Even at its debut, “The Boogens” had a nostalgic vibe built solidly on the bones of 50’s monster flicks. The film was evocative of warm summer nights at the drive-in with the sound of chirping crickets, the smell of take-out chicken and a six pack or two to share with your date (or whomever piled in the car with you).
Two wise cracking, sex-obsessed pals are aiding in the re-opening of a silver mine that has been closed since 1912, when a series of mysteries deaths forced it shut down, and the towns folk to shut up. Only one miner survived, and he spent the rest of his days in an asylum.
Into the scene come two girlfriends, one of whom is dating a novice miner. The other is just helping her move into a log cabin, and perhaps can be a blind date for the other twenty-something miner. While blasting with dynamite to uncover the damage of a cave, the supervisors of the mine project discover a tunnel that is not on the map. It leads to an underground grotto, and where that ends no one knows. A creepy old codger begins to hang around, but to what purpose?

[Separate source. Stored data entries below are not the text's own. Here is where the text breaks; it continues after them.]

lemma integral_term2:
  fixes s :: "'a \<Rightarrow> 'b::{banach,second_countable_topology}"
  assumes k: "2 \<le> k" "k \<le> n"
    and term_int: "integrable (PiM {..<n} (\<lambda>_. P)) (term2 r s n k)"
    and c_int: "integrable P (\<lambda>y. (r y * P_le P r y ^ (k - 1)) *\<^sub>R s y)"
    and g_int: "integrable P (\<lambda>y. ((real k - 1) * g_fun P r k y) *\<^sub>R s y)"
  shows "(\<integral>\<omega>. term2 r s n k \<omega> \<partial>PiM {..<n} (\<lambda>_. P)) = (\<integral>y. ((real k - 1) * g_fun P r k y) *\<^sub>R s y \<partial>P)"
proof -
  obtain s' where s'_meas[measurable]: "s' \<in> borel_measurable P" and s'_eq: "AE y in P. s' y = s y"
    using c_int by (rule obtain_measurable_version_of_score)
  have c_eq: "AE y in P. (r y * P_le P r y ^ (k - 1)) *\<^sub>R s' y = (r y * P_le P r y ^ (k - 1)) *\<^sub>R s y"
    and g_eq: "AE y in P. ((real k - 1) * g_fun P r k y) *\<^sub>R s' y = ((real k - 1) * g_fun P r k y) *\<^sub>R s y"
    using s'_eq by (eventually_elim, simp)+
  have "integrable P (\<lambda>y. (r y * P_le P r y ^ (k - 1)) *\<^sub>R s' y)"
    using c_int by (subst integrable_cong_AE[OF _ _ c_eq]) auto
  moreover have "integrable P (\<lambda>y. ((real k - 1) * g_fun P r k y) *\<^sub>R s' y)"
    using g_int by (subst integrable_cong_AE[OF _ _ g_eq]) auto
  ultimately have lim: "has_bochner_integral (PiM {..<n} (\<lambda>_. P)) (term2_by_subsets r s' n k)
      (\<integral>y. ((real k - 1) * g_fun P r k y) *\<^sub>R s' y \<partial>P)"
    by (rule has_bochner_integral_term2_by_subsets[OF k s'_meas])
  have "(\<integral>\<omega>. term2 r s n k \<omega> \<partial>PiM {..<n} (\<lambda>_. P)) = (\<integral>\<omega>. term2_by_subsets r s' n k \<omega> \<partial>PiM {..<n} (\<lambda>_. P))"
    using term_int lim AE_PiM_term_eq_term_by_subsets[OF s'_eq, of n k]
    by (intro integral_cong_AE) (auto simp: has_bochner_integral_iff)
  also have "\<dots> = (\<integral>y. ((real k - 1) * g_fun P r k y) *\<^sub>R s' y \<partial>P)"
    using lim by (simp add: has_bochner_integral_iff)
  also have "\<dots> = (\<integral>y. ((real k - 1) * g_fun P r k y) *\<^sub>R s y \<partial>P)"
    using g_int g_eq by (intro integral_cong_AE) auto
  finally show ?thesis .
qed

end

lemma atomless_reward_policy:
  assumes "p \<theta> x \<in> borel_measurable M" "(\<integral>\<^sup>+ y. ennreal (p \<theta> x y) \<partial>M) = 1"
    and "R x \<in> borel_measurable M" "\<exists>B. \<forall>y. \<bar>R x y\<bar> \<le> B"
    and "\<And>c. measure (policy M p \<theta> x) {y \<in> space M. R x y = c} = 0"
  shows "atomless_reward (policy M p \<theta> x) (R x)"
proof (intro atomless_reward.intro atomless_reward_axioms.intro)
  show "prob_space (policy M p \<theta> x)"
    using assms(1,2) by (intro prob_spaceI) (simp add: policy_def emeasure_density)
  show "R x \<in> borel_measurable (policy M p \<theta> x)"
    using assms(3) by (simp add: policy_def)
qed (use assms(4,5) in \<open>auto simp: policy_def\<close>)

lemma G_hat_eq_term1_minus_term2:
  "G_hat r s n k \<omega> = real k *\<^sub>R (term1 r s n k \<omega> - term2 r s n k \<omega>)"
  unfolding G_hat_def term1_def term2_def
  by (simp add: scaleR_diff_left sum_subtractf scaleR_diff_right scaleR_sum_right)

theorem mainTheorem2:
  fixes M :: "'a measure"
    and p :: "'p::euclidean_space \<Rightarrow> 'x \<Rightarrow> 'a \<Rightarrow> real"
    and R :: "'x \<Rightarrow> 'a \<Rightarrow> real"
    and \<theta> :: "'p" and x :: "'x"
    and s :: "'a \<Rightarrow> 'p"
    and n k :: nat
  assumes sigma: "sigma_finite_measure M"
    and dens_meas: "\<And>t. p t x \<in> borel_measurable M"
    and dens_nonneg: "\<And>t y. y \<in> space M \<Longrightarrow> 0 \<le> p t x y"
    and dens_prob: "\<And>t. (\<integral>\<^sup>+ y. ennreal (p t x y) \<partial>M) = 1"
    and dens_diff: "\<And>y. y \<in> space M \<Longrightarrow> (\<lambda>t. p t x y) differentiable (at \<theta>)"
    and score: "\<And>y. y \<in> space M \<Longrightarrow> 0 < p \<theta> x y \<Longrightarrow> GDERIV (\<lambda>t. ln (p t x y)) \<theta> :> s y"
    and R_meas: "R x \<in> borel_measurable M"
    and R_bounded: "\<exists>B. \<forall>y. \<bar>R x y\<bar> \<le> B"
    and nk: "2 \<le> k" "k \<le> n"
    and no_atoms: "\<And>c. measure (policy M p \<theta> x) {y \<in> space M. R x y = c} = 0"
    and int1: "integrable (PiM {..<n} (\<lambda>_. policy M p \<theta> x)) (term1 (R x) s n k)"
    and int2: "integrable (PiM {..<n} (\<lambda>_. policy M p \<theta> x)) (term2 (R x) s n k)"
    and int3: "integrable (PiM {..<n} (\<lambda>_. policy M p \<theta> x)) (G_hat (R x) s n k)"
    and int4: "integrable (policy M p \<theta> x)
                 (\<lambda>y. (R x y * P_le (policy M p \<theta> x) (R x) y ^ (k - 1)) *\<^sub>R s y)"
    and int5: "integrable (policy M p \<theta> x)
                 (\<lambda>y. ((real k - 1) * g_fun (policy M p \<theta> x) (R x) k y) *\<^sub>R s y)"
    and int6: "integrable (policy M p \<theta> x)
                 (\<lambda>y. (R x y * P_le (policy M p \<theta> x) (R x) y ^ (k - 1)
                        - (real k - 1) * g_fun (policy M p \<theta> x) (R x) k y) *\<^sub>R s y)"
  shows "(\<integral>\<omega>. term1 (R x) s n k \<omega> \<partial>(PiM {..<n} (\<lambda>_. policy M p \<theta> x)))
           = (\<integral>y. (R x y * P_le (policy M p \<theta> x) (R x) y ^ (k - 1)) *\<^sub>R s y \<partial>(policy M p \<theta> x))
       \<and> (\<integral>\<omega>. term2 (R x) s n k \<omega> \<partial>(PiM {..<n} (\<lambda>_. policy M p \<theta> x)))
           = (\<integral>y. ((real k - 1) * g_fun (policy M p \<theta> x) (R x) k y) *\<^sub>R s y \<partial>(policy M p \<theta> x))
       \<and> (\<integral>\<omega>. G_hat (R x) s n k \<omega> \<partial>(PiM {..<n} (\<lambda>_. policy M p \<theta> x)))
           = real k *\<^sub>R (\<integral>y. (R x y * P_le (policy M p \<theta> x) (R x) y ^ (k - 1)
                        - (real k - 1) * g_fun (policy M p \<theta> x) (R x) k y) *\<^sub>R s y \<partial>(policy M p \<theta> x))"
proof -
  \<comment> \<open>The identities hold for every s.\<close>
  let ?P = "policy M p \<theta> x"
  interpret atomless_reward ?P "R x"
    using dens_meas dens_prob R_meas R_bounded no_atoms by (rule atomless_reward_policy)
  have term1: "(\<integral>\<omega>. term1 (R x) s n k \<omega> \<partial>PiM {..<n} (\<lambda>_. ?P))
      = (\<integral>y. (R x y * P_le ?P (R x) y ^ (k - 1)) *\<^sub>R s y \<partial>?P)"
    using nk int1 int4 by (intro integral_term1) auto
  have term2: "(\<integral>\<omega>. term2 (R x) s n k \<omega> \<partial>PiM {..<n} (\<lambda>_. ?P))
      = (\<integral>y. ((real k - 1) * g_fun ?P (R x) k y) *\<^sub>R s y \<partial>?P)"
    using nk int2 int4 int5 by (intro integral_term2) auto
  show ?thesis
    using term1 term2 int1 int2 int4 int5 by (simp add: G_hat_eq_term1_minus_term2 scaleR_diff_left)
qed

From here on it’s a predictable but enjoyable creature feature as the unseen critters from the mine travel through tunnels under the city and eventually under the cabin where our characters (belt notches for the monsters) reside. The critters drag the people into floor heater vents and basements with extendable arms with sickle-like hooks at the end. When the monsters do appear in the last fifteen minutes, it’s up to you to decide the scare factor: scary, scary for kids, or pretty goofy-looking.
Despite the casual nudity, silly sex talk and prerequisite gore, “The Boogens” has a good nature to it. It’s never crass, and the characters may be a notch above stereotypes, but they are quite likable. The script by Thomas C. Chapman and Bob gets us from A to B at a moderate pace, and then ups the ante in the last act interjecting some good scares along with the surprisingly wholesome fun. Perhaps the most surprising element comes from the inclusion of a totally obnoxious toy poodle named Tiger. His trainers deserve big praise because this pup displays dozens of tricks you don’t normally see in a vehicle of this ilk.
“The Boogens” can be bought on Blu Ray and one or two streaming sites.